Matrescence, Lucy Jones captures how hard it is to be a In Matrescence, Lucy Jones captures how hard it is to be a

Caring for a baby day and night is particularly difficult in that first year but as you get the hang of things and become more confident, you'll start to recognize the person you were and have always been. And while it can sound like a bad thing at first, it’s simultaneously an amazing opportunity for growth and healing . I am both depleted, but also learning new wellsprings of patience within me that I didn’t know that I have,” Athan said. Speaking about motherhood as anything other than a pastel-hued dream remains, for the most part, taboo.Scientists are also only now discovering how profoundly and permanently pregnancy changes a mother’s physiology: scans show that a mother’s brain is structurally different from the brain of someone who hasn’t borne a child. How can this be, Lucy Jones asks, when it is “a transition that involves a whole spectrum of emotional and existential ruptures”?

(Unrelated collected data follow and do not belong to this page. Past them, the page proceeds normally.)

lemma ennreal_pmf_bind_ge:
  "ennreal (pmf p i) * ennreal (pmf (f i) j) \<le> ennreal (pmf (bind_pmf p f) j)"
proof -
  have "ennreal (pmf p i) * ennreal (pmf (f i) j)
      = (\<integral>\<^sup>+x. ennreal (pmf (f i) j) * indicator {i} x \<partial>measure_pmf p)"
    by (simp add: emeasure_pmf_single mult.commute)
  also have "\<dots> \<le> (\<integral>\<^sup>+x. ennreal (pmf (f x) j) \<partial>measure_pmf p)"
    by (intro nn_integral_mono) (auto split: split_indicator)
  finally show ?thesis by (simp add: ennreal_pmf_bind)
qed

lemma (in prob_space) nn_integral_stream_space_mult_sdrop:
  assumes F: "F \<in> borel_measurable (stream_space M)" and G: "G \<in> borel_measurable (stream_space M)"
    and F_stake: "\<And>\<omega> \<omega>'. stake n \<omega> = stake n \<omega>' \<Longrightarrow> F \<omega> = F \<omega>'"
  shows "(\<integral>\<^sup>+\<omega>. F \<omega> * G (sdrop n \<omega>) \<partial>stream_space M)
      = (\<integral>\<^sup>+\<omega>. F \<omega> \<partial>stream_space M) * (\<integral>\<^sup>+\<omega>. G \<omega> \<partial>stream_space M)"
  using F F_stake
proof (induction n arbitrary: F)
  case 0
  have "F \<omega> = F (sconst undefined)" for \<omega> by (rule "0.prems"(2)) simp
  then obtain c where c: "\<And>\<omega>. F \<omega> = c" by blast
  interpret S: prob_space "stream_space M" by (rule prob_space_stream_space)
  show ?case by (simp add: c nn_integral_cmult G S.emeasure_space_1)
next
  case (Suc n)
  note [measurable] = Suc.prems(1) G
  interpret S: prob_space "stream_space M" by (rule prob_space_stream_space)
  have FG: "(\<lambda>\<omega>. F \<omega> * G (sdrop (Suc n) \<omega>)) \<in> borel_measurable (stream_space M)"
    by measurable
  have "(\<integral>\<^sup>+\<omega>. F \<omega> * G (sdrop (Suc n) \<omega>) \<partial>stream_space M)
      = (\<integral>\<^sup>+x. (\<integral>\<^sup>+X. F (x ## X) * G (sdrop n X) \<partial>stream_space M) \<partial>M)"
    using nn_integral_stream_space[OF FG] by simp
  also have "\<dots> = (\<integral>\<^sup>+x. (\<integral>\<^sup>+X. F (x ## X) \<partial>stream_space M)
      * (\<integral>\<^sup>+\<omega>. G \<omega> \<partial>stream_space M) \<partial>M)"
  proof (rule nn_integral_cong)
    fix x assume "x \<in> space M"
    then have "(\<lambda>X. F (x ## X)) \<in> borel_measurable (stream_space M)"
      by measurable
    then show "(\<integral>\<^sup>+X. F (x ## X) * G (sdrop n X) \<partial>stream_space M)
        = (\<integral>\<^sup>+X. F (x ## X) \<partial>stream_space M) * (\<integral>\<^sup>+\<omega>. G \<omega> \<partial>stream_space M)"
      by (rule Suc.IH) (rule Suc.prems(2), simp)
  qed
  also have "\<dots> = (\<integral>\<^sup>+x. (\<integral>\<^sup>+X. F (x ## X) \<partial>stream_space M) \<partial>M)
      * (\<integral>\<^sup>+\<omega>. G \<omega> \<partial>stream_space M)"
  proof (rule nn_integral_multc)
    have "(\<lambda>p. fst p ## snd p) \<in> measurable (M \<Otimes>\<^sub>M stream_space M) (stream_space M)"
      by measurable
    then have "(\<lambda>(x, X). F (x ## X)) \<in> borel_measurable (M \<Otimes>\<^sub>M stream_space M)"
      unfolding case_prod_beta' using Suc.prems(1) by (rule measurable_compose)
    then show "(\<lambda>x. \<integral>\<^sup>+X. F (x ## X) \<partial>stream_space M) \<in> borel_measurable M"
      by (rule S.borel_measurable_nn_integral)
  qed
  also have "(\<integral>\<^sup>+x. (\<integral>\<^sup>+X. F (x ## X) \<partial>stream_space M) \<partial>M)
      = (\<integral>\<^sup>+\<omega>. F \<omega> \<partial>stream_space M)"
    by (rule nn_integral_stream_space[symmetric, OF Suc.prems(1)])
  finally show ?case .
qed

lemma emeasure_level_set_nonzero:
  fixes f :: "'a \<Rightarrow> real"
  assumes [measurable]: "f \<in> borel_measurable M"
    and "emeasure M {x \<in> space M. 0 < f x} \<noteq> 0"
  shows "\<exists>\<delta>>0. emeasure M {x \<in> space M. \<delta> \<le> f x} \<noteq> 0"
proof (rule ccontr)
  assume "\<not> ?thesis"
  then have "emeasure M (\<Union>m. {x \<in> space M. 1 / Suc m \<le> f x}) = 0"
    by (intro emeasure_UN_eq_0) auto
  moreover have "{x \<in> space M. 0 < f x} = (\<Union>m. {x \<in> space M. 1 / Suc m \<le> f x})"
  proof safe
    fix x assume "x \<in> space M" "0 < f x"
    then obtain m where "1 / Suc m < f x" by (auto elim: nat_approx_posE)
    with \<open>x \<in> space M\<close> show "x \<in> (\<Union>m. {x \<in> space M. 1 / Suc m \<le> f x})"
      by (auto intro!: exI[of _ m])
  next
    fix x m assume "1 / Suc m \<le> f x"
    then show "0 < f x" by (rule order.strict_trans2[rotated]) simp
  qed
  ultimately show False using assms(2) by simp
qed

locale random_environment = prob_space \<mu> for \<mu> :: "nat pmf measure" +
  assumes measurable_pmf: "\<And>k. (\<lambda>q. pmf q k) \<in> borel_measurable \<mu>"
begin

lemma measurable_ennreal_pmf_qlaw:
  "(\<lambda>\<omega>. ennreal (pmf (qlaw (stake n \<omega>) k) j)) \<in> borel_measurable (stream_space \<mu>)"
proof (induction n arbitrary: k j)
  case (Suc n)
  note [measurable] = measurable_pmf_conv_pow[OF measurable_pmf] Suc
  show ?case
    by (simp add: ennreal_pmf_bind nn_integral_measure_pmf nn_integral_count_space_nat) measurable
qed simp

lemma measurable_pmf_qlaw:
  "(\<lambda>\<omega>. pmf (qlaw (stake n \<omega>) k) j) \<in> borel_measurable (stream_space \<mu>)"
proof -
  have "(\<lambda>\<omega>. enn2real (ennreal (pmf (qlaw (stake n \<omega>) k) j))) \<in> borel_measurable (stream_space \<mu>)"
    using measurable_ennreal_pmf_qlaw by measurable
  then show ?thesis by simp
qed

lemma ennreal_bpre_prob_single:
  "ennreal (bpre_prob \<mu> k n {j})
    = (\<integral>\<^sup>+\<omega>. ennreal (pmf (qlaw (stake n \<omega>) k) j) \<partial>stream_space \<mu>)"
proof -
  interpret S: prob_space "stream_space \<mu>" by (rule prob_space_stream_space)
  show ?thesis
    unfolding bpre_prob_def measure_pmf_single
    by (rule nn_integral_eq_integral[symmetric])
      (auto intro!: S.integrable_const_bound measurable_pmf_qlaw pmf_le_1)
qed

lemma bpre_prob_nonneg: "0 \<le> bpre_prob \<mu> k n A"
  unfolding bpre_prob_def by simp

lemma bpre_prob_le_1: "bpre_prob \<mu> k n {j} \<le> 1"
proof -
  interpret S: prob_space "stream_space \<mu>" by (rule prob_space_stream_space)
  have "ennreal (bpre_prob \<mu> k n {j}) \<le> (\<integral>\<^sup>+\<omega>. 1 \<partial>stream_space \<mu>)"
    unfolding ennreal_bpre_prob_single by (intro nn_integral_mono) (simp add: pmf_le_1)
  then show ?thesis by (simp add: S.emeasure_space_1)
qed
lemma dominated_convergence_atMost_moving:
  fixes g :: "nat \<Rightarrow> real \<Rightarrow> 'b::euclidean_space"
  assumes g_int: "\<And>k. g k integrable_on {..T k}" and h: "h integrable_on {..U}"
    and g_le: "\<And>k x. x \<le> U \<Longrightarrow> norm (g k x) \<le> h x"
    and g_lim: "\<And>x. x \<le> U \<Longrightarrow> x \<noteq> T0 \<Longrightarrow> (\<lambda>k. g k x) \<longlonglongrightarrow> G x"
    and T: "T \<longlonglongrightarrow> T0" and TU: "\<And>k. T k \<le> U"
  shows "G integrable_on {..T0}" "(\<lambda>k. integral {..T k} (g k)) \<longlonglongrightarrow> integral {..T0} G"
proof -
  have T0U: "T0 \<le> U" using T TU by (intro LIMSEQ_le_const2) auto
  define S where "S = {..U} - {T0}"
  define F where "F k x = (if x \<in> {..T k} then g k x else 0)" for k x
  define GG where "GG x = (if x \<in> {..T0} then G x else 0)" for x
  have neg1: "negligible {x \<in> {..U} - S. P x}" for P :: "real \<Rightarrow> bool"
    by (rule negligible_subset[of "{T0}"]) (auto simp: S_def)
  have neg2: "negligible {x \<in> S - {..U}. P x}" for P :: "real \<Rightarrow> bool"
    by (rule negligible_subset[OF negligible_empty]) (auto simp: S_def)
  have F_int: "(F k has_integral integral {..T k} (g k)) S" for k
  proof -
    have "(F k has_integral integral {..T k} (g k)) {..U}"
      using has_integral_restrict[of "{..T k}" "{..U}" "g k"] g_int[of k] TU[of k]
      unfolding F_def by (auto simp: has_integral_integral)
    then show ?thesis using has_integral_spike_set_eq[OF neg1 neg2] by blast
  qed
  have h_int: "h integrable_on S" using integrable_spike_set[OF h neg1 neg2] .
  have F_le: "norm (F k x) \<le> h x" if "x \<in> S" for k x
    using g_le[of x k] that by (auto simp: F_def S_def dest: order_trans[OF norm_ge_zero])
  have F_lim: "(\<lambda>k. F k x) \<longlonglongrightarrow> GG x" if "x \<in> S" for x
  proof (cases "x < T0")
    case True
    then have "\<forall>\<^sub>F k in sequentially. F k x = g k x"
      using T order_tendstoD(1) by (fastforce elim: eventually_mono simp: F_def)
    then have "(\<lambda>k. F k x) \<longlonglongrightarrow> G x \<longleftrightarrow> (\<lambda>k. g k x) \<longlonglongrightarrow> G x"
      by (rule tendsto_cong)
    with g_lim[of x] that True show ?thesis
      by (auto simp: S_def GG_def)
  next
    case False
    then have "x > T0" using that by (auto simp: S_def)
    then have "\<forall>\<^sub>F k in sequentially. F k x = 0"
      using T order_tendstoD(2) by (fastforce elim: eventually_mono simp: F_def)
    then show ?thesis using \<open>x > T0\<close> by (auto simp: GG_def intro: tendsto_eventually)
  qed
  have DC: "GG integrable_on S" "(\<lambda>k. integral S (F k)) \<longlonglongrightarrow> integral S GG"
    using dominated_convergence[of F S h GG] F_int h_int F_le F_lim by (auto simp: integrable_on_def)
  have "GG integrable_on {..U}" using integrable_spike_set[OF DC(1) neg2 neg1] .
  then show G_int: "G integrable_on {..T0}"
    using has_integral_restrict[of "{..T0}" "{..U}" G] T0U unfolding GG_def integrable_on_def by auto
  have "integral S GG = integral {..U} GG" using integral_spike_set[OF neg2 neg1] .
  also have "\<dots> = integral {..T0} G"
    using has_integral_restrict[of "{..T0}" "{..U}" G] T0U G_int unfolding GG_def
    by (auto intro!: integral_unique simp: has_integral_integral)
  finally show "(\<lambda>k. integral {..T k} (g k)) \<longlonglongrightarrow> integral {..T0} G"
    using DC(2) F_int integral_unique by (metis (no_types, lifting) ext)
qed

Matrescence: On the Metamorphosis of Pregnancy, Childbirth

Rather than honoring the transformation that has taken place, the cultural conversation around new motherhood, at least in the United States, has too often focused on “bouncing back. Many women have been told the village is to help raise the child in the form of babysitting and childcare. But I view the modern village as a network of women who nurture and support the growing mother,” she said. In recent years, the matrescence movement has picked up momentum thanks to social media, where moms are introducing each other to the term and having honest conversations about the many changes, joys and struggles of this phase of life. Because, coming up against the expectation of what mothers should be, Jones had “a creeping sense that I wasn’t wired for this”.And even larger questions like spiritual and religious questions about the sort of origins of all things. If at times there is an uneasy tension in this book between the science, memoir, social commentary and flashes of creative writing, this is a testament to its ambition. My unique contribution was to extend its application— from anthropology to psychology—to maternal mental health to challenge conventional diagnostic thinking. Mothers go through the developmental passage of matrescence whether they give birth or welcome a child via adoption or surrogacy.